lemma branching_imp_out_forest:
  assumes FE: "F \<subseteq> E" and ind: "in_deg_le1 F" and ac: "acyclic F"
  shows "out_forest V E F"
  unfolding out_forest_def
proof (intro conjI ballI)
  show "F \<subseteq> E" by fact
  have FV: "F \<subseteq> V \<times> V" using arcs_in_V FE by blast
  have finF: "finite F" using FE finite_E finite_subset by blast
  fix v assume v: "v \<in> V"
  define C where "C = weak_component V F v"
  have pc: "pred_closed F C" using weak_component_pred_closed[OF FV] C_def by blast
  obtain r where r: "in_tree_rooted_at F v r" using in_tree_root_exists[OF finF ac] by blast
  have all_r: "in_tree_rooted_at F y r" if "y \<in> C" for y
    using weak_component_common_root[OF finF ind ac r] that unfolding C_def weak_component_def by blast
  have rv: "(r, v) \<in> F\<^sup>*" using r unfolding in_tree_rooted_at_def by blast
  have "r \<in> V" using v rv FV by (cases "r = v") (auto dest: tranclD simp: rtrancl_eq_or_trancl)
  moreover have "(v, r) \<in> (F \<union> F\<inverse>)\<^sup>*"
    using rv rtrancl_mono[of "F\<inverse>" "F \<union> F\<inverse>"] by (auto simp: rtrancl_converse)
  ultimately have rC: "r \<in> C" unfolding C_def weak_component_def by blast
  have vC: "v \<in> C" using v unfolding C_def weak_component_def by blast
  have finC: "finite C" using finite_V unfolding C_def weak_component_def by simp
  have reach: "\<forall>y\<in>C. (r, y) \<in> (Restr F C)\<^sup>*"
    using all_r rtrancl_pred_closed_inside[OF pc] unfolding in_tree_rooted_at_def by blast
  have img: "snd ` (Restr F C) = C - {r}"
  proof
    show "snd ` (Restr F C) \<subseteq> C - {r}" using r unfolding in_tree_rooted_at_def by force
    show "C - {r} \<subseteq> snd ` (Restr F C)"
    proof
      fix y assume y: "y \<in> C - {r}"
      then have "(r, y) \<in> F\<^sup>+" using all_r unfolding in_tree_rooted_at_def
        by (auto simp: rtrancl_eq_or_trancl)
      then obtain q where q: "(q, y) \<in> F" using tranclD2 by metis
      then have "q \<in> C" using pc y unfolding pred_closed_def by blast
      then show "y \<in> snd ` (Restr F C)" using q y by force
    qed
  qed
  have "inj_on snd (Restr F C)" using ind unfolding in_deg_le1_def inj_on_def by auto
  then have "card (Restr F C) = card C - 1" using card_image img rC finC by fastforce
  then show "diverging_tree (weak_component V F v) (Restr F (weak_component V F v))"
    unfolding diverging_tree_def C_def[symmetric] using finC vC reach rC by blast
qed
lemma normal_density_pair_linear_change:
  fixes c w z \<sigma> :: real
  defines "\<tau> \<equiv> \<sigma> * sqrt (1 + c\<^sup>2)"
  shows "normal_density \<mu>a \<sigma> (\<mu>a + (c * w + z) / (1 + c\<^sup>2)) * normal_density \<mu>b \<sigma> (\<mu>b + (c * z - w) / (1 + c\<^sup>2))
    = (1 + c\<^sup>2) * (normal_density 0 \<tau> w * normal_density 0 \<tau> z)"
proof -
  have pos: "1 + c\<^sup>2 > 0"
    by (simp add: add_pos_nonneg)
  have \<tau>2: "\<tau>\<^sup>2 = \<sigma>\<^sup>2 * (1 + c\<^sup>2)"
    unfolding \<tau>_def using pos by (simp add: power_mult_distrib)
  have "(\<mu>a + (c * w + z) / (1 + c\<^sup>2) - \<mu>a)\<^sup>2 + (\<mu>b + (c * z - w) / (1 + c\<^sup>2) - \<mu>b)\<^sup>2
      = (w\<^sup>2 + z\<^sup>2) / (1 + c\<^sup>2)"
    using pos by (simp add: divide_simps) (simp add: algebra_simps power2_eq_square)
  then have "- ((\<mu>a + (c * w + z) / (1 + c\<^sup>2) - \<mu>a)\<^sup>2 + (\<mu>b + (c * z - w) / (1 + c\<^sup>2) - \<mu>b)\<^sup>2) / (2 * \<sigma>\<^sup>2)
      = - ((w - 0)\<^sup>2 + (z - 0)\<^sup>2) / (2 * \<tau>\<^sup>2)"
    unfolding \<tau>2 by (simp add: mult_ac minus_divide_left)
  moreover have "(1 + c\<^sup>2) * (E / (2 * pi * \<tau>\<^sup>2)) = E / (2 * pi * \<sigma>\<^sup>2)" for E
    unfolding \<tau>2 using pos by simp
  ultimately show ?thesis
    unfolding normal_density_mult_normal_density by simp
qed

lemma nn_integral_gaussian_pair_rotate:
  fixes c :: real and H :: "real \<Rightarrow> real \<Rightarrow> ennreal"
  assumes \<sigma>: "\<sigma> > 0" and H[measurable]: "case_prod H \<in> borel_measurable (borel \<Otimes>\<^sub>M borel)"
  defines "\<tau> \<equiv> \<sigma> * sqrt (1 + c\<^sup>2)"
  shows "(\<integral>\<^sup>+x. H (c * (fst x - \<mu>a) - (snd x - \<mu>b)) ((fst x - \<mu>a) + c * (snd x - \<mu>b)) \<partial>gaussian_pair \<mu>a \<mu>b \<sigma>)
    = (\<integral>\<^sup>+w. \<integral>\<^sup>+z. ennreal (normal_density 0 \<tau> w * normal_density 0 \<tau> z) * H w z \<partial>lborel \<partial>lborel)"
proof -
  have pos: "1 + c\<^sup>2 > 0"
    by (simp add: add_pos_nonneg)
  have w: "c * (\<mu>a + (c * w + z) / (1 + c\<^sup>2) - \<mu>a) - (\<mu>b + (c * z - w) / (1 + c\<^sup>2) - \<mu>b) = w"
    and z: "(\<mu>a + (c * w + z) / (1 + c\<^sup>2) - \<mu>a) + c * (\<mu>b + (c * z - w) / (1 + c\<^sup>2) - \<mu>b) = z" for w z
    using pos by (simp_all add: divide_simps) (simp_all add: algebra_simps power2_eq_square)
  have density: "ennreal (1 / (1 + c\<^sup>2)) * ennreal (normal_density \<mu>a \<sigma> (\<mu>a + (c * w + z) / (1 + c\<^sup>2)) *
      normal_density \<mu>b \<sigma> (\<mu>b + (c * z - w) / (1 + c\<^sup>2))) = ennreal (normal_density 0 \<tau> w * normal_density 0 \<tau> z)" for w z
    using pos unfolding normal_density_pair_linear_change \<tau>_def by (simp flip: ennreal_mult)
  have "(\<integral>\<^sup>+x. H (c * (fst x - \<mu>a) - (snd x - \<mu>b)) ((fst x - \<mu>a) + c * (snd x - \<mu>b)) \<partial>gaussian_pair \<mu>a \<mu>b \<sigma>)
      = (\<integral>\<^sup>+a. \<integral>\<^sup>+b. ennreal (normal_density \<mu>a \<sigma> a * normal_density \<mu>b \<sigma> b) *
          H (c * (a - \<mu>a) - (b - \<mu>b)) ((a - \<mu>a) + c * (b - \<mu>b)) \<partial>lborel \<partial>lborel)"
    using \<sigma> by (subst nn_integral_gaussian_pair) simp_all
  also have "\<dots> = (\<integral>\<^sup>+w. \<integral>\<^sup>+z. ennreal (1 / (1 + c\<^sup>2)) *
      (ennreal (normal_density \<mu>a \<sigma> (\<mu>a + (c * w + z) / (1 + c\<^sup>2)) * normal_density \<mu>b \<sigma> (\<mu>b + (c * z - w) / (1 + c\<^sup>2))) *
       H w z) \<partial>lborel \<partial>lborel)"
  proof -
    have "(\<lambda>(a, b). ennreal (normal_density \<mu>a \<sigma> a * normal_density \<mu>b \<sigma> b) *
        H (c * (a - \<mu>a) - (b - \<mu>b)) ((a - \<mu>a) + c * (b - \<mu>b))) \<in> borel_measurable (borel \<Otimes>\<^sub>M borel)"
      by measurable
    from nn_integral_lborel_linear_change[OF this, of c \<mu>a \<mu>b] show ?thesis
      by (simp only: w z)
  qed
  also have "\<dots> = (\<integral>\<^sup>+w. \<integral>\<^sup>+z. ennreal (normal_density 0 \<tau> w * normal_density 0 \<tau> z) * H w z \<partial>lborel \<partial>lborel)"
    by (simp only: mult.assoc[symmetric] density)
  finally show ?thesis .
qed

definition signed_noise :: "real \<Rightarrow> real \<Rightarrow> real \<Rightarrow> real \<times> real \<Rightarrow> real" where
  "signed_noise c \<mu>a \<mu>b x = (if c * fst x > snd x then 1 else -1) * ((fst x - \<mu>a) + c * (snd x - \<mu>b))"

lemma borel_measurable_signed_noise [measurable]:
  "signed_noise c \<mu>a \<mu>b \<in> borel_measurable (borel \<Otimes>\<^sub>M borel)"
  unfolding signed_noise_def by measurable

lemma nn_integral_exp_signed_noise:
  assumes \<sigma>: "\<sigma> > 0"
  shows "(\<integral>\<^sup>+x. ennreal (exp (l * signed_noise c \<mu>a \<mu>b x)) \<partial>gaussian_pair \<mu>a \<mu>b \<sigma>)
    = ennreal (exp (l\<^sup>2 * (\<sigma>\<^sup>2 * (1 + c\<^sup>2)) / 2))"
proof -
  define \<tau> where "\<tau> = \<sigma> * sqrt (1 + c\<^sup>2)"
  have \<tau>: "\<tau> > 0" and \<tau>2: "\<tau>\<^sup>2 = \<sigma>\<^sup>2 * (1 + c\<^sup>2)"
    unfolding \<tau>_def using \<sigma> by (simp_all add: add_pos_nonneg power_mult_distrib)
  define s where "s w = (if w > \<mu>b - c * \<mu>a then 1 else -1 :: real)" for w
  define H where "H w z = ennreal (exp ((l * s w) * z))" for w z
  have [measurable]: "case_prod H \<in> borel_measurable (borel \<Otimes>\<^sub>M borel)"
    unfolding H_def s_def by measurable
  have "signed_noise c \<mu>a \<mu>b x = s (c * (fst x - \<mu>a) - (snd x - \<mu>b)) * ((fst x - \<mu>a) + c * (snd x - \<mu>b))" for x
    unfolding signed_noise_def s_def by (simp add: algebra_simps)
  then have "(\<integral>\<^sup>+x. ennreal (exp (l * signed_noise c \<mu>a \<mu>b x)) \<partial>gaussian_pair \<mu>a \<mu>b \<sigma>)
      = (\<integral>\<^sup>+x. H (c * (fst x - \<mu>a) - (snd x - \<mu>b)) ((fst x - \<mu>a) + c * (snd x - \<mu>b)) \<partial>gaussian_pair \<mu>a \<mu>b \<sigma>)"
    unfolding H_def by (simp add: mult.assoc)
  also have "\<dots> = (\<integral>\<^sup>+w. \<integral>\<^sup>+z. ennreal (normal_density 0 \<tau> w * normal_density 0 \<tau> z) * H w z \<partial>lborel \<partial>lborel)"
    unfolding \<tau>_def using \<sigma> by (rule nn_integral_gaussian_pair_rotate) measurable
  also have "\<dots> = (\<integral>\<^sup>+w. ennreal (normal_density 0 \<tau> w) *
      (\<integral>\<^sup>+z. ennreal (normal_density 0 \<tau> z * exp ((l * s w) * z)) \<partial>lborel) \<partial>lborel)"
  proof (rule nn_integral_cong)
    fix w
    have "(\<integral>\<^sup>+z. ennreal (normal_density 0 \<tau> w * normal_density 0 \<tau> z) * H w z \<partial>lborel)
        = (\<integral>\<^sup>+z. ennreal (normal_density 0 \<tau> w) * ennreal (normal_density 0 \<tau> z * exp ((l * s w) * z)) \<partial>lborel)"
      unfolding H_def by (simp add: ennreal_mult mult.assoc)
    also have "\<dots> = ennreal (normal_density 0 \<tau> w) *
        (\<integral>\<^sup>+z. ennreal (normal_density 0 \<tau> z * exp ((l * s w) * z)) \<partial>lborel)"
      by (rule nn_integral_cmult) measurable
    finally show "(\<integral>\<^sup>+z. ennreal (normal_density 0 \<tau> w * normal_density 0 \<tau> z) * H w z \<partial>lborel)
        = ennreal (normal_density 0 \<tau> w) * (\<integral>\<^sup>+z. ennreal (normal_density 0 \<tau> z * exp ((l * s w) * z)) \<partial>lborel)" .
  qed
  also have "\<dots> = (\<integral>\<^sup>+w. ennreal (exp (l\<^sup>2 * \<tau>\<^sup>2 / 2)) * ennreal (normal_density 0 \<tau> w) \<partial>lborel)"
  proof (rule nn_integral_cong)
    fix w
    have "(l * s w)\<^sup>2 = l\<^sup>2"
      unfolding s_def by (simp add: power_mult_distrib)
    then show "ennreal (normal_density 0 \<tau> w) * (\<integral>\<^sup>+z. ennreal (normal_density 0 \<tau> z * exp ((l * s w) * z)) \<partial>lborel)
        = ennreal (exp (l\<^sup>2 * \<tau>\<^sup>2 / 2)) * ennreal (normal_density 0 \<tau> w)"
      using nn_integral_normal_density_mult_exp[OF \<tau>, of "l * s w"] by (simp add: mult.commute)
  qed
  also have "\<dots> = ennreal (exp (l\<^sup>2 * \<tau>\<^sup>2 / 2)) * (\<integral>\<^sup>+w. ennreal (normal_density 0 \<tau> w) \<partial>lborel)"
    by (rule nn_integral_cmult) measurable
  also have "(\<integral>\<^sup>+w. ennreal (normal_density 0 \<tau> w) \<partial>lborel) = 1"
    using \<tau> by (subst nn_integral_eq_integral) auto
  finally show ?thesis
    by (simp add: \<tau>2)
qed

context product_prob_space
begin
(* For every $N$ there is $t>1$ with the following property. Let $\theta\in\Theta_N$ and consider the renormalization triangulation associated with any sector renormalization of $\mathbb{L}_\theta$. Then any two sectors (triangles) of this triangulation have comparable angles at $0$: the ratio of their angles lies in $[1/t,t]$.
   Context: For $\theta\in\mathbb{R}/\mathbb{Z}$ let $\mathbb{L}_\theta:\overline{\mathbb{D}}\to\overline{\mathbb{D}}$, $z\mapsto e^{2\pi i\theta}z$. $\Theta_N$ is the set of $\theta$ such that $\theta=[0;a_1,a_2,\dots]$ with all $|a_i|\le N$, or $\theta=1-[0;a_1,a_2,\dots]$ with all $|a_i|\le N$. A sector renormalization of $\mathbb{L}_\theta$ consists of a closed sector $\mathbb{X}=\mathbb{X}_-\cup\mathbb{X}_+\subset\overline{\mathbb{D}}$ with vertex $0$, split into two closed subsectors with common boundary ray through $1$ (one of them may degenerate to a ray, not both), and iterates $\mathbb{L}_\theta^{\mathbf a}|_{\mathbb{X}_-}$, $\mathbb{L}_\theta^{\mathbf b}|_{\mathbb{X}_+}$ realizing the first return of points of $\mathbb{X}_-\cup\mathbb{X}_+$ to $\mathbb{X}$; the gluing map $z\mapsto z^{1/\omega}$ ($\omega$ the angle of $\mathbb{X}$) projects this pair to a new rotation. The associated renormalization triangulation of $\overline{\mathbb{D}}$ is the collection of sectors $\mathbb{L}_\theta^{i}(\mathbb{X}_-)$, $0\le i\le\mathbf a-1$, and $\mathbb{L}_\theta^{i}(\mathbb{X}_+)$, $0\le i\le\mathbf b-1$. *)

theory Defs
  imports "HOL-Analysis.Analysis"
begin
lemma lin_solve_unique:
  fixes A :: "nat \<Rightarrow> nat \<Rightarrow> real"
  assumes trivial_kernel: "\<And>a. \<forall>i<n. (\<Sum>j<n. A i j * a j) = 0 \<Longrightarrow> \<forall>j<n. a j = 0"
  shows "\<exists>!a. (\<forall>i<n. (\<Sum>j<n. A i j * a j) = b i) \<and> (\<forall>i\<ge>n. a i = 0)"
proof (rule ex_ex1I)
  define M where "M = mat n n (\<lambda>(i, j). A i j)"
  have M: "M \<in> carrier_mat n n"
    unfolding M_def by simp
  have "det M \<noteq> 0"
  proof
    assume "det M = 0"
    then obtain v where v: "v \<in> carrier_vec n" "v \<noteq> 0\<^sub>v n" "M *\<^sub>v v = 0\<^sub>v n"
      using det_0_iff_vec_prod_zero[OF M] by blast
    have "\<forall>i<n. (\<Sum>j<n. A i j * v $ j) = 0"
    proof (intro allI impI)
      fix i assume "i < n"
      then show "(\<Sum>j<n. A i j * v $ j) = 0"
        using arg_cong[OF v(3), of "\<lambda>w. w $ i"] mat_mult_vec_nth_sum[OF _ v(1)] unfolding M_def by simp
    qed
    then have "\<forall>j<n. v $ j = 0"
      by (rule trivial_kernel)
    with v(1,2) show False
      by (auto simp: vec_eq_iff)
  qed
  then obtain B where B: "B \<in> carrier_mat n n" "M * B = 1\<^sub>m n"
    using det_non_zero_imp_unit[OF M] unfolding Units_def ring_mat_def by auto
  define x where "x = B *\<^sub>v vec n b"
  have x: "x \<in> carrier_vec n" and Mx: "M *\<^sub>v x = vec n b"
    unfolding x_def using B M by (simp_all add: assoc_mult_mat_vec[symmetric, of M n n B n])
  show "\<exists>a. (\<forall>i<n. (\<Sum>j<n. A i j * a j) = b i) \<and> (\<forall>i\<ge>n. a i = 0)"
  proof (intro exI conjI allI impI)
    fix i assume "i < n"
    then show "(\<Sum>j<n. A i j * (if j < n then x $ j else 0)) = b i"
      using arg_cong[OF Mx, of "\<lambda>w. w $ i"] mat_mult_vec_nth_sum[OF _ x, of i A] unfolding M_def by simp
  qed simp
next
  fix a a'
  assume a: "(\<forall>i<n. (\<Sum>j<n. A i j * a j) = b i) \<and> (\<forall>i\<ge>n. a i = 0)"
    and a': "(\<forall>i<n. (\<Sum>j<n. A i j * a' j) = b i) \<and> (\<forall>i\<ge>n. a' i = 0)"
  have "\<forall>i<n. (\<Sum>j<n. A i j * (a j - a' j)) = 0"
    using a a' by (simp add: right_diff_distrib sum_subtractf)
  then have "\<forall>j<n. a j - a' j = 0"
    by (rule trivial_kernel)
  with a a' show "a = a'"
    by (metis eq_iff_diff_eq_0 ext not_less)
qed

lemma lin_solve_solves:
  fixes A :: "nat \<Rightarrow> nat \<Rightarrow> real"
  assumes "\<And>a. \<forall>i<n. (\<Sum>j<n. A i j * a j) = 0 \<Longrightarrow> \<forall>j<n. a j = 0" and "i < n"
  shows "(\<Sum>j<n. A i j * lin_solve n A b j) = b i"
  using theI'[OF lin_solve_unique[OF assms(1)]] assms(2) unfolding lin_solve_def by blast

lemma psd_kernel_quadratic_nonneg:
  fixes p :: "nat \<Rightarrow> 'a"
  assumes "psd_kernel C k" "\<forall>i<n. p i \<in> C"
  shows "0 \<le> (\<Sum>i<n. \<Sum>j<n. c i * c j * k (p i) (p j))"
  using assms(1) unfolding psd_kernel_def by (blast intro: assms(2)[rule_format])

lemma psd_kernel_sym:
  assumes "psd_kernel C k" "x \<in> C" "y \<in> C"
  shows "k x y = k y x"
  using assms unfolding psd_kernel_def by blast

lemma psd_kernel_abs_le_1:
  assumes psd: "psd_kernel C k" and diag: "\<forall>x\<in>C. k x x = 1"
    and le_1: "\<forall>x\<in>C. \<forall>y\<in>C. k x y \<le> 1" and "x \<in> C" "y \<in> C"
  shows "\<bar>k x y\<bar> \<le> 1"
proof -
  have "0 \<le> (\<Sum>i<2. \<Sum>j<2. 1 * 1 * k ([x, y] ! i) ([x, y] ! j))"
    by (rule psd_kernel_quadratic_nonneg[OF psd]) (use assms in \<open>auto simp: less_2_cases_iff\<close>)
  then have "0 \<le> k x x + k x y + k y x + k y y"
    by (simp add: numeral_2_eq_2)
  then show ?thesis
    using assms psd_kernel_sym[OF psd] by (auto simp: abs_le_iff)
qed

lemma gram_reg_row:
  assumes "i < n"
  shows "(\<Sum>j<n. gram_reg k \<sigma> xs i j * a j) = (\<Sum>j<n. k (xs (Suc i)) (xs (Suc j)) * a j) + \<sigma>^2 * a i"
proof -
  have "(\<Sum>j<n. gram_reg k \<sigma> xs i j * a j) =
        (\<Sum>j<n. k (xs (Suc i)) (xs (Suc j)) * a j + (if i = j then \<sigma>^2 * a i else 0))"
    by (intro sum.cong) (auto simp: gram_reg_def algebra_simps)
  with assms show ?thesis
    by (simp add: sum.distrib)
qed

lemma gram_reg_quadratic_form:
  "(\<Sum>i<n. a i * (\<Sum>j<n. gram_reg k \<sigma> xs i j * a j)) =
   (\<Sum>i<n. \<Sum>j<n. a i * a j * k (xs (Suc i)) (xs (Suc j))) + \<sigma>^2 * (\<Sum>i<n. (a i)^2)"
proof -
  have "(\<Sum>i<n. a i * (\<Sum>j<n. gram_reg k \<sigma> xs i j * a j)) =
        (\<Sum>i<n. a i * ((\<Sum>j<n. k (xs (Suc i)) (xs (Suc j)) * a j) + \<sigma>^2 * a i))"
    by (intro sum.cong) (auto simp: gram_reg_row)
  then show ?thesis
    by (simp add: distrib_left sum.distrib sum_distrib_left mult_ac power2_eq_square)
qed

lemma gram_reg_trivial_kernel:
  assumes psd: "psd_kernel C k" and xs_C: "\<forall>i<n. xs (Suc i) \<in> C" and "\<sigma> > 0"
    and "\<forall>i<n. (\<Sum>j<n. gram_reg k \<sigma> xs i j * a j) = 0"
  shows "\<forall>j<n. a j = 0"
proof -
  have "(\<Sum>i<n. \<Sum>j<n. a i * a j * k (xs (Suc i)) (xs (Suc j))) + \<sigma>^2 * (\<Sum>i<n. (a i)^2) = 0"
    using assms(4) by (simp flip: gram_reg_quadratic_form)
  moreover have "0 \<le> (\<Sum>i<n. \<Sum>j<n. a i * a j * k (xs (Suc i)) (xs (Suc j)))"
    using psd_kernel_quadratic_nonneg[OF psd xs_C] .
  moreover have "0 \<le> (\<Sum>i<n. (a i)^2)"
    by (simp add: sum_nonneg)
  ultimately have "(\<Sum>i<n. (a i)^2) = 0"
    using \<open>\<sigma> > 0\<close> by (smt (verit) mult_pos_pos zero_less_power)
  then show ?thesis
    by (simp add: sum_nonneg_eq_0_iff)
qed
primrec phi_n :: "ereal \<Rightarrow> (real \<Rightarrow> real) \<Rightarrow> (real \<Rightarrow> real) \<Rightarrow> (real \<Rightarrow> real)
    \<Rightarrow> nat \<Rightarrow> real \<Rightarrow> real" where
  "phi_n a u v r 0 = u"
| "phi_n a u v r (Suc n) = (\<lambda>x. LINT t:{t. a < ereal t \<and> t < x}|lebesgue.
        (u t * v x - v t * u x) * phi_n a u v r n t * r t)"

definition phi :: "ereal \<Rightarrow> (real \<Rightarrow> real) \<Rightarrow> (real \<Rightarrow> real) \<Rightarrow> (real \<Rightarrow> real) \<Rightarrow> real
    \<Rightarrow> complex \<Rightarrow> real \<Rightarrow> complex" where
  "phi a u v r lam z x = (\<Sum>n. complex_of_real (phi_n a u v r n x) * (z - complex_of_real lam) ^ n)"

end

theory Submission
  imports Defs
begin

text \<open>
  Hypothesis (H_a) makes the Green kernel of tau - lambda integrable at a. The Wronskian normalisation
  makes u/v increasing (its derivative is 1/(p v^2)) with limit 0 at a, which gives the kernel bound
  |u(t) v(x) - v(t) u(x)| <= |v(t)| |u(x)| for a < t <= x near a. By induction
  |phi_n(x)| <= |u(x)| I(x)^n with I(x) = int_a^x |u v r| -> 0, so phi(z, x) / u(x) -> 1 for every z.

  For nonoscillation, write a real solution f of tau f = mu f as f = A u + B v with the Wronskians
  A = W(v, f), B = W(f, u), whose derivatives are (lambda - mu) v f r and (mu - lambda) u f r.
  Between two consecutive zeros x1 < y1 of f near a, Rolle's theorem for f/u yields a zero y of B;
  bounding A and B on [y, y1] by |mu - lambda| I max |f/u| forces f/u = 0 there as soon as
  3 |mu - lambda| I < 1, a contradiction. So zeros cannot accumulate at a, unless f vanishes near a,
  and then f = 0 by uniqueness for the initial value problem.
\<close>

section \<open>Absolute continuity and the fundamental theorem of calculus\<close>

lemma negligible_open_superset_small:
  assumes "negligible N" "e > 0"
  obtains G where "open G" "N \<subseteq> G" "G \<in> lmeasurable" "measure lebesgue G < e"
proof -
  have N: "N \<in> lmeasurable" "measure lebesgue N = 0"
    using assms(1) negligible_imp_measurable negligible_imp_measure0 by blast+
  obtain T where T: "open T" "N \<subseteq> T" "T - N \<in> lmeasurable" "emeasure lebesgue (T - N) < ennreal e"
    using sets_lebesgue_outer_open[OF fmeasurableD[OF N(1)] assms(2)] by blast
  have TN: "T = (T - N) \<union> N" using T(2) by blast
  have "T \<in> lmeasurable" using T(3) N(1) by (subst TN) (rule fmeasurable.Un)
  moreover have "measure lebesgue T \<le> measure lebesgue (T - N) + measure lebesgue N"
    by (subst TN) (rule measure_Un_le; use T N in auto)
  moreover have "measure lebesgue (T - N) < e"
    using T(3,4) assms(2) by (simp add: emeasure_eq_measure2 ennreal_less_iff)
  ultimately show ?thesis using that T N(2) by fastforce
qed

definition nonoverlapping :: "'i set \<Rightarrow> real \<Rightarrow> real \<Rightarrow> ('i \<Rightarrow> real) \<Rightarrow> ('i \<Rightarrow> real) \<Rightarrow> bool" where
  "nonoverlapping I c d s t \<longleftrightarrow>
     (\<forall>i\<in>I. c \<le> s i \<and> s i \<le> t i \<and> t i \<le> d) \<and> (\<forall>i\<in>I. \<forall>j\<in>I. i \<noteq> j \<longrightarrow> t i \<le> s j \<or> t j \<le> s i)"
□ □ □
The task → Wherever the word "every" turns up in the records, copy out the line it is on.

Response area →
(* For every $N$ there is $t>1$ with the following property. Let $\theta\in\Theta_N$ and consider the renormalization triangulation associated with any sector renormalization of $\mathbb{L}_\theta$. Then any two sectors (triangles) of this triangulation have comparable angles at $0$: the ratio of their angles lies in $[1/t,t]$.
  |phi_n(x)| <= |u(x)| I(x)^n with I(x) = int_a^x |u v r| -> 0, so phi(z, x) / u(x) -> 1 for every z.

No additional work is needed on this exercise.